Originally Posted by colinsmum
Whilst I completely take the point that there can be good reasons for deleting posts, I feel this is something that it's reasonable for a community to disapprove of as a general rule. Posting on a board is entering into a conversation, and there's a moral sense in which the ownership of the sense (or nonsense :-) in that conversation is shared, not sensibly partitionable between the participants.

Absolutely. This is how I personally feel about it-- I lean toward "community property" and a posts-as-conversation model, myself.

Privacy reasons-- absolutely understandable.
My other message board community has-- okay, even 'repeatedly'-- been the victim of the sulking, taking-my-toys-with-me hairflip variety of mass deletions, too.

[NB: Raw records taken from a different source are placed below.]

lemma orthogonal_residual_imp_least_squares:
  fixes d :: "int \<Rightarrow> 'h::real_inner"
  assumes "\<forall>j\<in>I. (h - (\<Sum>i\<in>I. c i *\<^sub>R d i)) \<bullet> d j = 0"
  shows "norm (h - (\<Sum>i\<in>I. c i *\<^sub>R d i)) \<le> norm (h - (\<Sum>i\<in>I. \<gamma> i *\<^sub>R d i))"
proof -
  define r where "r = h - (\<Sum>i\<in>I. c i *\<^sub>R d i)"
  define y where "y = (\<Sum>i\<in>I. (c i - \<gamma> i) *\<^sub>R d i)"
  have "orthogonal r y" using assms by (simp add: orthogonal_def y_def r_def inner_sum_right)
  moreover have "h - (\<Sum>i\<in>I. \<gamma> i *\<^sub>R d i) = r + y"
    by (simp add: r_def y_def scaleR_diff_left sum_subtractf)
  ultimately have "(norm (h - (\<Sum>i\<in>I. \<gamma> i *\<^sub>R d i)))\<^sup>2 = (norm r)\<^sup>2 + (norm y)\<^sup>2"
    by (simp add: norm_add_Pythagorean)
  hence "(norm r)\<^sup>2 \<le> (norm (h - (\<Sum>i\<in>I. \<gamma> i *\<^sub>R d i)))\<^sup>2" by simp
  thus ?thesis unfolding r_def using power2_le_imp_le norm_ge_zero by blast
qed

lemma exists_max_on_finite:
  fixes f :: "'a \<Rightarrow> 'b::linorder"
  assumes "finite I" "I \<noteq> {}"
  obtains j0 where "j0 \<in> I" "\<forall>j\<in>I. f j \<le> f j0"
proof -
  have "Max (f ` I) \<in> f ` I" using assms by simp
  then obtain j0 where "j0 \<in> I" "f j0 = Max (f ` I)" by auto
  with assms show thesis by (intro that) auto
qed

definition cum_coherence :: "(int \<Rightarrow> 'h::real_inner) \<Rightarrow> int set \<Rightarrow> real" where
  "cum_coherence d I = (if I = {} then 0 else Max ((\<lambda>i. \<Sum>j\<in>I - {i}. \<bar>d i \<bullet> d j\<bar>) ` I))"

lemma coh_eq_cum_coherence: "coh K e I = cum_coherence (dict K e) I"
  unfolding coh_def cum_coherence_def ..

That's a big part of why we REALLY turned off the ability for regular members to delete posts. They can edit them to their hearts' content, but not make it as though they never posted in the first place.

We also have a 60 or 90s window for edits in which no edit notice is auto-generated on the post; after that, there's a notice generated, and it's standard, not user-generated or optional.


I have to say that I think that both of those things are quite helpful in terms of running things smoothly and minimizing flame-wars that take moderator/administrator time.

We're using an open-source platform, though-- and some other pre-fab things are not so customizable without breaking into the code in a pretty hard-core manner. We didn't have some options with our older platform.




Schrödinger's cat walks into a bar. And doesn't.